Each member on the tamale list shall pass the tamale at least once per turn. When a member holds the tamale for the first time during a turn, he or she must pass the tamale on to the person whose name is listed below his or hers on the tamale list.
When the member listed last on the tamale list receives the tamale, she
or he passes the tamale to the member at the top of the list. The member
at the top of the list then passes the tamale to the second member on the
list. The second member on the list must then hold the tamale until the
end of the voting period for that turn. At the end of the voting period,
the name at the top of the tamale list shall be moved to the bottom of the tamale list.
c) Under no circumstances can any member of MFC pass the tamale to a player who is not a member of MFC (except with the consent of the CEO--see below). If a member of MFC should leave the corporation, he or
she automatically passes the tamale to the next player on the tamale list
before severing from the corporation. The severing player is then removed
from the tamale list.
d) Changes may be made to this charter if a majority of the members of MFC consent to the text of the change, unless the CEO vetoes the proposed
change (see section e below). MFC will take any action approved by a majority of the members of MFC, unless the CEO vetoes the action.
e) The CEO of MFC at the time when this charter is enacted shall be Hugh.
All proposed changes to the charter of MFC may be vetoed by the CEO. All
actions proposed for MFC may be vetoed by the CEO. The CEO may grant any
member of MFC, including himself or herself, the right to pass the tamale
to a player who is not a member of MFC. The CEO may prevent any player from becoming a member of MFC.
f) Any player who requests to join MFC may join if a majority of MFC members approve the request and the CEO does not prevent the player from
joining. The name of the new member is placed second from the top on the
g) If for any reason the member designated to hold the tamale until the
end of the turn does not wish to hold the tamale at the end of the turn,
he or she may pass the tamale to the next member on the list, provided that he or she immediately transfers three letter-products from his or her letter stock to the letter stock of the member to receive the tamale.
This additional "paid" passing in no way alters the tamale list.

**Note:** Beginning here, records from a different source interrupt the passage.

lemma kunz_subadditive:
  assumes "0 < r" "0 < r'" "r + r' < m"
  shows "kunz L m (r + r') \<le> kunz L m r + kunz L m r'"
proof -
  have rm: "r < m" "r' < m" using assms by auto
  have "apery L m r + apery L m r' \<in> L" using add_mem apery_mem rm by simp
  then have "apery L m (r + r') \<le> apery L m r + apery L m r'"
    using apery_le apery_add_mod[OF rm] assms(3) by fastforce
  then have "m * kunz L m (r + r') \<le> m * (kunz L m r + kunz L m r')"
    using apery_eq assms(3) rm by (simp add: distrib_left)
  then show ?thesis using two_le_mult by simp
qed

lemma frob_lt_apery_add:
  assumes "r < m" "r' < m" "(r + r') mod m = f mod m"
  shows "f < apery L m r + apery L m r'"
proof (rule ccontr)
  have "apery L m r + apery L m r' \<in> L" using add_mem apery_mem assms by simp
  then have "apery L m (f mod m) \<le> apery L m r + apery L m r'"
    using apery_le apery_add_mod[OF assms(1,2)] assms(3) by fastforce
  moreover assume "\<not> f < apery L m r + apery L m r'"
  ultimately show False using mem_iff_apery_le frob_not_mem by simp
qed

lemma kunz_add_low:
  assumes "0 < r" "0 < r'" "r + r' = f mod m"
  shows "f div m + 1 \<le> kunz L m r + kunz L m r'"
proof -
  have rm: "r < m" "r' < m" using assms mod_less_divisor[of m f] two_le_mult by linarith+
  have "m * (f div m) + f mod m < f mod m + m * (kunz L m r + kunz L m r')"
    using frob_lt_apery_add[OF rm] apery_eq[OF rm(1)] apery_eq[OF rm(2)] assms
    by (simp add: distrib_left)
  then show ?thesis by (simp only: add.commute[of "f mod m"] add_less_cancel_right mult_less_cancel1) simp
qed

lemma kunz_add_high:
  assumes "r < m" "r' < m" "r + r' = m + f mod m"
  shows "f div m \<le> kunz L m r + kunz L m r'"
proof -
  have "f < apery L m r + apery L m r'" using frob_lt_apery_add[OF assms(1,2)] assms(3) by simp
  then have "m * (f div m) < m * kunz L m r + m * kunz L m r' + m"
    using apery_eq[OF assms(1)] apery_eq[OF assms(2)] assms(3) mult_div_mod_eq[of m f] by linarith
  then have "m * (f div m) < m * (kunz L m r + kunz L m r' + 1)" by (simp add: distrib_left)
  then have "f div m < kunz L m r + kunz L m r' + 1" using mult_less_cancel1 by blast
  then show ?thesis by simp
qed

end

lemma frob_semigroup_eq_if_kunz_eq:
  assumes "frob_semigroup_mult L f m" "frob_semigroup_mult L' f' m"
    and "\<And>r. 0 < r \<Longrightarrow> r < m \<Longrightarrow> kunz L m r = kunz L' m r"
  shows "L = L'"
proof -
  interpret L: frob_semigroup_mult L f m by fact
  interpret L': frob_semigroup_mult L' f' m by fact
  have "apery L m r = apery L' m r" if "r < m" for r
    using L.apery_0 L'.apery_0 L.apery_eq[OF that] L'.apery_eq[OF that] assms(3)[of r] that
    by (cases "r = 0") simp_all
  then show ?thesis using L.mem_iff_apery_le L'.mem_iff_apery_le L.two_le_mult by auto
qed

text \<open>Constraints satisfied by the Kunz coordinates on \<open>{1..<m}\<close> of every semigroup with
  Frobenius number \<open>f\<close> and multiplicity \<open>m\<close>.\<close>

definition kunz_vectors :: "nat \<Rightarrow> nat \<Rightarrow> (nat \<Rightarrow> nat) set" where
  "kunz_vectors f m = {v \<in> extensional {1..<m}.
     (\<forall>r\<in>{1..<m}. 1 \<le> v r \<and> v r \<le> f div m + 1) \<and>
     (\<forall>r\<in>{f mod m<..<m}. v r \<le> f div m) \<and>
     (\<forall>r r'. 0 < r \<longrightarrow> 0 < r' \<longrightarrow> r + r' < m \<longrightarrow> v (r + r') \<le> v r + v r') \<and>
     (\<forall>r r'. 0 < r \<longrightarrow> 0 < r' \<longrightarrow> r + r' = f mod m \<longrightarrow> f div m + 1 \<le> v r + v r') \<and>
     (\<forall>r r'. r < m \<longrightarrow> r' < m \<longrightarrow> r + r' = m + f mod m \<longrightarrow> f div m \<le> v r + v r')}"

The receiving member then becomes the member designated to hold the tamale until the end of the turn, and must hold the tamale until the end of turn
unless he or she in turn pays three letter products to the next person on
the list. The first member to pay to pass the tamale during a turn must
inform the membership of MFC of his or her intentions at least 24 hours
prior to the end of the voting period. Every subsequent member who pays
to pass the tamale during that turn must inform the membership of his or
her intentions a number of hours prior to the end of the voting period equal to half the number of hours notice required of the member from whom
he or she received the tamale.
h) On joining MFC, each member agrees to allow the CEO to report to the
Patch all of his or her actions with respect to the tamale, provided that
those actions conform to the procedures described above. Members need not
explicitly notify the CEO that they are passing or receiving the tamale
in order for the CEO to report their passing and willing reception of the
tamale to the Patch. The CEO must report all passing (except for paid passing) at least 36 hours prior to the end of the voting period.